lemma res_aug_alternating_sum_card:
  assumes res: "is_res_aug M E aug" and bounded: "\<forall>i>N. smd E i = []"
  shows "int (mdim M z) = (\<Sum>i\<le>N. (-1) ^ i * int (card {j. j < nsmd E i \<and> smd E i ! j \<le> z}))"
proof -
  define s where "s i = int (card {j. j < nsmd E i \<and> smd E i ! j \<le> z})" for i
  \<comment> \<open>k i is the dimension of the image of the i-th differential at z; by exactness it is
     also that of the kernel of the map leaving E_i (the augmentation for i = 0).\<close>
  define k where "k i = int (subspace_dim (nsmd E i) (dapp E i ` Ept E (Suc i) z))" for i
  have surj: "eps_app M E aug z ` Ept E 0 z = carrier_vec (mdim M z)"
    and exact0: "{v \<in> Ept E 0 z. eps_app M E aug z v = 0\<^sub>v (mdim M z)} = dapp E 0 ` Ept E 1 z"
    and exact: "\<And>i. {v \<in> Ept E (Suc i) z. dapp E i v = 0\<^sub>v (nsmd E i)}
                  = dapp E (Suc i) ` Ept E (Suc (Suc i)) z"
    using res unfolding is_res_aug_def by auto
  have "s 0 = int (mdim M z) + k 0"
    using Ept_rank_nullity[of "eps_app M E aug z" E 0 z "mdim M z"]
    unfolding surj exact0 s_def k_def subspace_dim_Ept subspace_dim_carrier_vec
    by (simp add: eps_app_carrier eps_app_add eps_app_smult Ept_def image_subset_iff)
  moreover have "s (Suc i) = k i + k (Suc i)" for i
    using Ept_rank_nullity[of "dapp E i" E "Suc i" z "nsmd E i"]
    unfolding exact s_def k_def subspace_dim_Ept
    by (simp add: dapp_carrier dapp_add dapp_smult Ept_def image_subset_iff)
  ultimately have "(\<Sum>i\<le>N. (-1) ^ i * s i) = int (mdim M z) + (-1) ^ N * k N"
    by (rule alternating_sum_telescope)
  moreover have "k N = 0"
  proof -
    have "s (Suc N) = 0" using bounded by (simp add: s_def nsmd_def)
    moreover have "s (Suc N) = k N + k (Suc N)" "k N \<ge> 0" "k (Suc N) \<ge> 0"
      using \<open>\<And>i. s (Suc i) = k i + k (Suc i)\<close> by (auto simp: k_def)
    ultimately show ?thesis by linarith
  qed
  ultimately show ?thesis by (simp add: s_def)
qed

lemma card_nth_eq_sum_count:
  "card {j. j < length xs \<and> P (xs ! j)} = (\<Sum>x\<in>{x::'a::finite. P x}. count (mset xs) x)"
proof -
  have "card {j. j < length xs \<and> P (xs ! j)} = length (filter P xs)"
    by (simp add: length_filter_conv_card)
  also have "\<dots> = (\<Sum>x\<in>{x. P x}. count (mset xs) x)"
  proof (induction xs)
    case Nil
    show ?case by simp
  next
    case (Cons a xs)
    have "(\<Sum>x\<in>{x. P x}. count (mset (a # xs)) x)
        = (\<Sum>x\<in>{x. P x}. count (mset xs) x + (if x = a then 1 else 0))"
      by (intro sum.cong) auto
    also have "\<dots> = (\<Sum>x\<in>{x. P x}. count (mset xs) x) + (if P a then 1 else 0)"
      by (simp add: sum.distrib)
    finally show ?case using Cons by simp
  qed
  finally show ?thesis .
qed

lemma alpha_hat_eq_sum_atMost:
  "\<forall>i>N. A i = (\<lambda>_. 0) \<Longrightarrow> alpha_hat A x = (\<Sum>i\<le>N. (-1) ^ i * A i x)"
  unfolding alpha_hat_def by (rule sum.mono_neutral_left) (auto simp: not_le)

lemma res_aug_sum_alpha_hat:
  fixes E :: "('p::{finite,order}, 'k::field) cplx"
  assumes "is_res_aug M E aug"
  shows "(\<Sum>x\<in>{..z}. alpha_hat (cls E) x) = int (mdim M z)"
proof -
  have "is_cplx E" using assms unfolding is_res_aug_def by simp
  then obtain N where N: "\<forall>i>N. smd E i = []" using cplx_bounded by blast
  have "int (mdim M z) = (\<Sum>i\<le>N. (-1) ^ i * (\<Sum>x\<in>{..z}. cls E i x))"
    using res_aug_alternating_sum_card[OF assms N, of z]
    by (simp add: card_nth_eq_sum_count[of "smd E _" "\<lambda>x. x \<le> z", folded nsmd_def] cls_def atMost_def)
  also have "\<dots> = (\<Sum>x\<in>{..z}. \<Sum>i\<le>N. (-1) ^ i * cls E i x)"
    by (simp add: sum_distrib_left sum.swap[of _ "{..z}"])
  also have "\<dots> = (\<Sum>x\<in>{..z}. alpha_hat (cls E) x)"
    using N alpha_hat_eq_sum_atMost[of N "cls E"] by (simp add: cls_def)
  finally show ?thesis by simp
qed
---
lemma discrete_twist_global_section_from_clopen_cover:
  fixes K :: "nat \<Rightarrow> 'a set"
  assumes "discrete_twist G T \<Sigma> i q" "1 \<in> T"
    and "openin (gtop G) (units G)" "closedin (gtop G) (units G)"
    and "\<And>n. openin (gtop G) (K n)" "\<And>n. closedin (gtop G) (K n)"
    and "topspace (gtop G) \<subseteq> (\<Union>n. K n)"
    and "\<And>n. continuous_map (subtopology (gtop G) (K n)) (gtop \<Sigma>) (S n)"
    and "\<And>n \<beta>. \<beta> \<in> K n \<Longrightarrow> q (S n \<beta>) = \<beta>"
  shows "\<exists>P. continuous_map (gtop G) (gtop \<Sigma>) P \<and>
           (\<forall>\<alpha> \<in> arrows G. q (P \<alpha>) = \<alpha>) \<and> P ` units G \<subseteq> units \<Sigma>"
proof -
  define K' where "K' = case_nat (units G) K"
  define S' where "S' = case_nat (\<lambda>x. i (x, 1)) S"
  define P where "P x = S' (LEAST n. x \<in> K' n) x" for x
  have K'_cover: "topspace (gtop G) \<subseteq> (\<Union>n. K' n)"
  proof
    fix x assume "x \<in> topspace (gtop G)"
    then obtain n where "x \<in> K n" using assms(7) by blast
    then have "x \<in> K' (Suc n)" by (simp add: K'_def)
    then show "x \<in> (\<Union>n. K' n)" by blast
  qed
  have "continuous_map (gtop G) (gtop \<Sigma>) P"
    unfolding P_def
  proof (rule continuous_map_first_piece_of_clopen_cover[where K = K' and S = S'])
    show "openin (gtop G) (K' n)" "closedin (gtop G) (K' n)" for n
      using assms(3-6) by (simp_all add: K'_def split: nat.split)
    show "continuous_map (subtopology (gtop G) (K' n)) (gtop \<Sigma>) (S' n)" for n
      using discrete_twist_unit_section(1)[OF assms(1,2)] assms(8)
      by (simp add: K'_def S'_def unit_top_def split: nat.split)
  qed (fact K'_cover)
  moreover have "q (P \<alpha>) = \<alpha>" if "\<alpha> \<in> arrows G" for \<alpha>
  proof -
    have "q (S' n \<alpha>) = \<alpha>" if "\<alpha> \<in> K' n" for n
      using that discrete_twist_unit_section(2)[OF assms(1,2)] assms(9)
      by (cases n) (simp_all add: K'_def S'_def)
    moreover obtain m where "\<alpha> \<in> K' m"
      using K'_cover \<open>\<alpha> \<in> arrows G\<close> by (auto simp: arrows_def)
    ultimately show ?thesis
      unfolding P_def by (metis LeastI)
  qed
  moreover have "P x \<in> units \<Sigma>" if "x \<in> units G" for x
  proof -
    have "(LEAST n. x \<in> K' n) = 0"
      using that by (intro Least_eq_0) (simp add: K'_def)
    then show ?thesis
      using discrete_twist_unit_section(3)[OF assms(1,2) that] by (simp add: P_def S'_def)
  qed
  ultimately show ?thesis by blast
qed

> **ACTIVITY**: Please give back exactly the lines of this listing beginning at the line with "unfolding alpha_hat_def by" and ending with the line with "using res_aug_alternating_sum_card[OF assms", both included, and nothing else.

> **TASK RESPONSE**:
  unfolding alpha_hat_def by (rule sum.mono_neutral_left) (auto simp: not_le)

lemma res_aug_sum_alpha_hat:
  fixes E :: "('p::{finite,order}, 'k::field) cplx"
  assumes "is_res_aug M E aug"
  shows "(\<Sum>x\<in>{..z}. alpha_hat (cls E) x) = int (mdim M z)"
proof -
  have "is_cplx E" using assms unfolding is_res_aug_def by simp
  then obtain N where N: "\<forall>i>N. smd E i = []" using cplx_bounded by blast
  have "int (mdim M z) = (\<Sum>i\<le>N. (-1) ^ i * (\<Sum>x\<in>{..z}. cls E i x))"
    using res_aug_alternating_sum_card[OF assms N, of z]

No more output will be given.